Exercise aim >>
Would you quote the material below from its first line through the line containing "by (simp add: card_Diff_singleton_if", exactly and with both ends included?
*** Begin section ***
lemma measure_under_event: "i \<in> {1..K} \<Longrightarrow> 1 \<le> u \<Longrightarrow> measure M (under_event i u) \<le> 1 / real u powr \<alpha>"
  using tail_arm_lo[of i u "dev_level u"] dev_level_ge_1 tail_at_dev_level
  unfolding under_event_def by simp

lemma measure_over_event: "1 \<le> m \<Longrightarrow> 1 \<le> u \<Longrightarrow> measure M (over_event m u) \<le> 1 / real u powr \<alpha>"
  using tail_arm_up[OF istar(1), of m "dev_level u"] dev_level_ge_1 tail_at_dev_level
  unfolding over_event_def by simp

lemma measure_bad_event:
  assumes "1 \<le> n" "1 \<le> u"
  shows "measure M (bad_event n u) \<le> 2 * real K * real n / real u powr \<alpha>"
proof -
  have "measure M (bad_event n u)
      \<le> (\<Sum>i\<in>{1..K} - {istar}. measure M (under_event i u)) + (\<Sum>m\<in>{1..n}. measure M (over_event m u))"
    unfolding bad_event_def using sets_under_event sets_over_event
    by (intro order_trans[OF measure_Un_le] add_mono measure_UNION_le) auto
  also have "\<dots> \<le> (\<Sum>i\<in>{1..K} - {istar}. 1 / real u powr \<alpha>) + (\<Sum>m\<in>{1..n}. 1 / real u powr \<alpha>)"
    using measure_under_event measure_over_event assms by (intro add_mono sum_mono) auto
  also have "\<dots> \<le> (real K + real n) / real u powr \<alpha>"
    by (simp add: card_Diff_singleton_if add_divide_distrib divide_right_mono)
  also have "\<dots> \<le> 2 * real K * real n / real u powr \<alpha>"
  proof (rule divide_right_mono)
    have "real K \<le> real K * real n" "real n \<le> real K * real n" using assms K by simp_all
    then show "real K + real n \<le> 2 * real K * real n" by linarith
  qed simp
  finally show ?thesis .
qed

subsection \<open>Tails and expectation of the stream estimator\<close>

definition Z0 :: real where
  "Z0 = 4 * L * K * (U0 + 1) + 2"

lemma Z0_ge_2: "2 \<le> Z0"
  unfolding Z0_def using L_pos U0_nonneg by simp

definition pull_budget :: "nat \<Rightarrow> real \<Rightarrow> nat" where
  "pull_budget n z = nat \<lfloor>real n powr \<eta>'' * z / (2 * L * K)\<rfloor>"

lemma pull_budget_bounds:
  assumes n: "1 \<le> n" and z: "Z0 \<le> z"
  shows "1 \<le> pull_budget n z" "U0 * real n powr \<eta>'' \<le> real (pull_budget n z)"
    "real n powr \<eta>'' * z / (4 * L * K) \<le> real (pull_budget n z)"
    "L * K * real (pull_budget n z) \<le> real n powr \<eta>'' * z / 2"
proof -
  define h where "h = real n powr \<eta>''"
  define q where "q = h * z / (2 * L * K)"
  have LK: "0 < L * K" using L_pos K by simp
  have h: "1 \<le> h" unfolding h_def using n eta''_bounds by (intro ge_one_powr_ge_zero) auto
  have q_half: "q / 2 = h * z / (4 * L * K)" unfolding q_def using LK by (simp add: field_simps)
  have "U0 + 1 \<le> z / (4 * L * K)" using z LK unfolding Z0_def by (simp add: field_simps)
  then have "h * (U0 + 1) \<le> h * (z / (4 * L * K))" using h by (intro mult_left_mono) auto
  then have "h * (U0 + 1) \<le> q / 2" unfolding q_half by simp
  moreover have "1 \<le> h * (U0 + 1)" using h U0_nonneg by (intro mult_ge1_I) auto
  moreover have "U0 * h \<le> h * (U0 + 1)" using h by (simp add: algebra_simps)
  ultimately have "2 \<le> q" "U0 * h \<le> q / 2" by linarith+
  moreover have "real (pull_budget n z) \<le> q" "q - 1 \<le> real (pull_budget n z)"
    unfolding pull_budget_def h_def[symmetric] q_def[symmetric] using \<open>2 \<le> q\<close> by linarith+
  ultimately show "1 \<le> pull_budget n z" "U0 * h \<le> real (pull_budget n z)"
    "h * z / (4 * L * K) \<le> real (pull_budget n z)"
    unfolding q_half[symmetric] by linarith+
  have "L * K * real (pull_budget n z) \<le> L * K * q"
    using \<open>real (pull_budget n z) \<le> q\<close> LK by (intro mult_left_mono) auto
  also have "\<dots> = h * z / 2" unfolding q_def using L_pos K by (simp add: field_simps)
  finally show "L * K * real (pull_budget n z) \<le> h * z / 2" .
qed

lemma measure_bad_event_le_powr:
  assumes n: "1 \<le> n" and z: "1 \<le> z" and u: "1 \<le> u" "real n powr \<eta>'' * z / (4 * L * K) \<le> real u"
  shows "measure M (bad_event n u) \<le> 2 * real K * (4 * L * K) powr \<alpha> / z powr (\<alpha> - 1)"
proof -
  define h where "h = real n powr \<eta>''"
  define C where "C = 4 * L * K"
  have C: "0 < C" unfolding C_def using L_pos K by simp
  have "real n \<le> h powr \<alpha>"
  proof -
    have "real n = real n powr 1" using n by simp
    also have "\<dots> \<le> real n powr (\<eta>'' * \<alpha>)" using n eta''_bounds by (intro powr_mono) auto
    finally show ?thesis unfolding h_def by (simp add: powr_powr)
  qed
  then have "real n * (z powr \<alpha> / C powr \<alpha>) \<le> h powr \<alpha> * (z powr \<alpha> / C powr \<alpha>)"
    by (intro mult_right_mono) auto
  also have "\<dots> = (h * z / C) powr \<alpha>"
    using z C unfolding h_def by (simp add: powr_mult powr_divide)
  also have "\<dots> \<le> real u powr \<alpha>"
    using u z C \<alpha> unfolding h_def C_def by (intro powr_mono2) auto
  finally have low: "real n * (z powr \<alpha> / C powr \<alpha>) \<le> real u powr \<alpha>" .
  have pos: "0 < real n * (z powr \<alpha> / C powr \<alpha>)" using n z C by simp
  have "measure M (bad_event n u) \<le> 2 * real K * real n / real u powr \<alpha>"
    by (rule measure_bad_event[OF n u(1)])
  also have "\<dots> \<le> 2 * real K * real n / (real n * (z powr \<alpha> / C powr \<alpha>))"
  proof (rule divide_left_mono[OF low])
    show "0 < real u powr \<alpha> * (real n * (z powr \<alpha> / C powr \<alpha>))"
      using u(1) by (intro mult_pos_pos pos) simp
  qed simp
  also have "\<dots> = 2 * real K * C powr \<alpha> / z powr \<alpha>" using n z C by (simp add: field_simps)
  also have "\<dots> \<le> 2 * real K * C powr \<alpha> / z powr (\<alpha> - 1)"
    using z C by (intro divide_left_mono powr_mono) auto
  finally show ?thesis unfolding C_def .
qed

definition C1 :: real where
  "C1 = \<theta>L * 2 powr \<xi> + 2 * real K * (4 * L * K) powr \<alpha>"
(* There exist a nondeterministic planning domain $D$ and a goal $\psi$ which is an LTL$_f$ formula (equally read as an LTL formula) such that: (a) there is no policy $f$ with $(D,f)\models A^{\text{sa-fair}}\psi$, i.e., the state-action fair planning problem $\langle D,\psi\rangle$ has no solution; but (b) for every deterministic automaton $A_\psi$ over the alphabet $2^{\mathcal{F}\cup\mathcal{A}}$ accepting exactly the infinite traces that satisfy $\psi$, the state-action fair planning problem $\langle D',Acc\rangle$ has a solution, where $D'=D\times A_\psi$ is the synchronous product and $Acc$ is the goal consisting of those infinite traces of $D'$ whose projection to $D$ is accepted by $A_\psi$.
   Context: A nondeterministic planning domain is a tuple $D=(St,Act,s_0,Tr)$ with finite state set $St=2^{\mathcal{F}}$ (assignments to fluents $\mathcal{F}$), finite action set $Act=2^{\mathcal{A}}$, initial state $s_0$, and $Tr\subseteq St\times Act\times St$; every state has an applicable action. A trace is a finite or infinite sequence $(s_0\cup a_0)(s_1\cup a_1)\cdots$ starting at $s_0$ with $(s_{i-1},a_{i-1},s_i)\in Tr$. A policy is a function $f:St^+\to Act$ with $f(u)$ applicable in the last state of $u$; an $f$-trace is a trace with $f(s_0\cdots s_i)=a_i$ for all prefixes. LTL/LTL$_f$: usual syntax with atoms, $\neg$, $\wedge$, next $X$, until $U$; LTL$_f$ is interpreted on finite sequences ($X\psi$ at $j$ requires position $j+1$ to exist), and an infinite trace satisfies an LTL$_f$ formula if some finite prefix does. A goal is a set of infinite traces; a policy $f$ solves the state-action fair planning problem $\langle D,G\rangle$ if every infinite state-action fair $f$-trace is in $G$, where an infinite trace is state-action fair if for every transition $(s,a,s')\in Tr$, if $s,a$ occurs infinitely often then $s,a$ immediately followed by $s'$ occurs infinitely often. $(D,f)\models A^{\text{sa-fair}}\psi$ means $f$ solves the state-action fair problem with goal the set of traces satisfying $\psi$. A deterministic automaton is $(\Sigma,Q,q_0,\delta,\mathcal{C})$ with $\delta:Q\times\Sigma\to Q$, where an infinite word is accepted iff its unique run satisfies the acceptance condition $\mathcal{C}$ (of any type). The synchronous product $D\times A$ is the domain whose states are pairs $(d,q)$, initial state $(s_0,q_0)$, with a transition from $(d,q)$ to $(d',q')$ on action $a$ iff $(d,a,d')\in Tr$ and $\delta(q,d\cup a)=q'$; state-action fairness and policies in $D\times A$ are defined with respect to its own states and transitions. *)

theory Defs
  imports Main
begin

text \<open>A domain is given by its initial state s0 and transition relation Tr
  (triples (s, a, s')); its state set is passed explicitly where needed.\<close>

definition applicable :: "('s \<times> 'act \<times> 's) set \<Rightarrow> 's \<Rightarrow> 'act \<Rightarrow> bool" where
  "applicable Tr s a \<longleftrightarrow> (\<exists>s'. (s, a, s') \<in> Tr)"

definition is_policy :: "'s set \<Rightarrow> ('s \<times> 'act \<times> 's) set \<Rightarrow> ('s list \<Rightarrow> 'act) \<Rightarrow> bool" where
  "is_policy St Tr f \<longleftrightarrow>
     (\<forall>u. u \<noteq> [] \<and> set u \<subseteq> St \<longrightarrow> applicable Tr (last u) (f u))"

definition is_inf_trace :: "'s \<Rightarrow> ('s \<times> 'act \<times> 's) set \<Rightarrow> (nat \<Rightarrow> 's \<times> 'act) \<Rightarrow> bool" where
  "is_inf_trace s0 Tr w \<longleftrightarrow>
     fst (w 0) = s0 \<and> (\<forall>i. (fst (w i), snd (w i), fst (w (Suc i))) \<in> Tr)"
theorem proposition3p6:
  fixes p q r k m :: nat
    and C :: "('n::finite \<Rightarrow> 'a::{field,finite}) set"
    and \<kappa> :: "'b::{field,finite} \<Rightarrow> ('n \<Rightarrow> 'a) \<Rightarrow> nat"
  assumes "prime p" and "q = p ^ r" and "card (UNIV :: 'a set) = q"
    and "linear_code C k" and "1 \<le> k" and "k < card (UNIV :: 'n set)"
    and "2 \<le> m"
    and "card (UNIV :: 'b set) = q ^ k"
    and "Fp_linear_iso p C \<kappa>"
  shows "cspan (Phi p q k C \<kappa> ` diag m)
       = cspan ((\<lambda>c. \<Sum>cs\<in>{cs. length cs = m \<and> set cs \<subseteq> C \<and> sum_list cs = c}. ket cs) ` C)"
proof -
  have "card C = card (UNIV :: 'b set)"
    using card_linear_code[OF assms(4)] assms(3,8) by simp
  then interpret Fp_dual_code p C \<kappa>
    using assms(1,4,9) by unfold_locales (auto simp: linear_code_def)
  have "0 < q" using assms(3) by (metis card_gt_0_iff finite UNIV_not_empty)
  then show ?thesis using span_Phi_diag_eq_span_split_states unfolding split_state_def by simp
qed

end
*** End section ***
The answer >>
lemma measure_under_event: "i \<in> {1..K} \<Longrightarrow> 1 \<le> u \<Longrightarrow> measure M (under_event i u) \<le> 1 / real u powr \<alpha>"
  using tail_arm_lo[of i u "dev_level u"] dev_level_ge_1 tail_at_dev_level
  unfolding under_event_def by simp

lemma measure_over_event: "1 \<le> m \<Longrightarrow> 1 \<le> u \<Longrightarrow> measure M (over_event m u) \<le> 1 / real u powr \<alpha>"
  using tail_arm_up[OF istar(1), of m "dev_level u"] dev_level_ge_1 tail_at_dev_level
  unfolding over_event_def by simp

lemma measure_bad_event:
  assumes "1 \<le> n" "1 \<le> u"
  shows "measure M (bad_event n u) \<le> 2 * real K * real n / real u powr \<alpha>"
proof -
  have "measure M (bad_event n u)
      \<le> (\<Sum>i\<in>{1..K} - {istar}. measure M (under_event i u)) + (\<Sum>m\<in>{1..n}. measure M (over_event m u))"
    unfolding bad_event_def using sets_under_event sets_over_event
    by (intro order_trans[OF measure_Un_le] add_mono measure_UNION_le) auto
  also have "\<dots> \<le> (\<Sum>i\<in>{1..K} - {istar}. 1 / real u powr \<alpha>) + (\<Sum>m\<in>{1..n}. 1 / real u powr \<alpha>)"
    using measure_under_event measure_over_event assms by (intro add_mono sum_mono) auto
  also have "\<dots> \<le> (real K + real n) / real u powr \<alpha>"
    by (simp add: card_Diff_singleton_if add_divide_distrib divide_right_mono)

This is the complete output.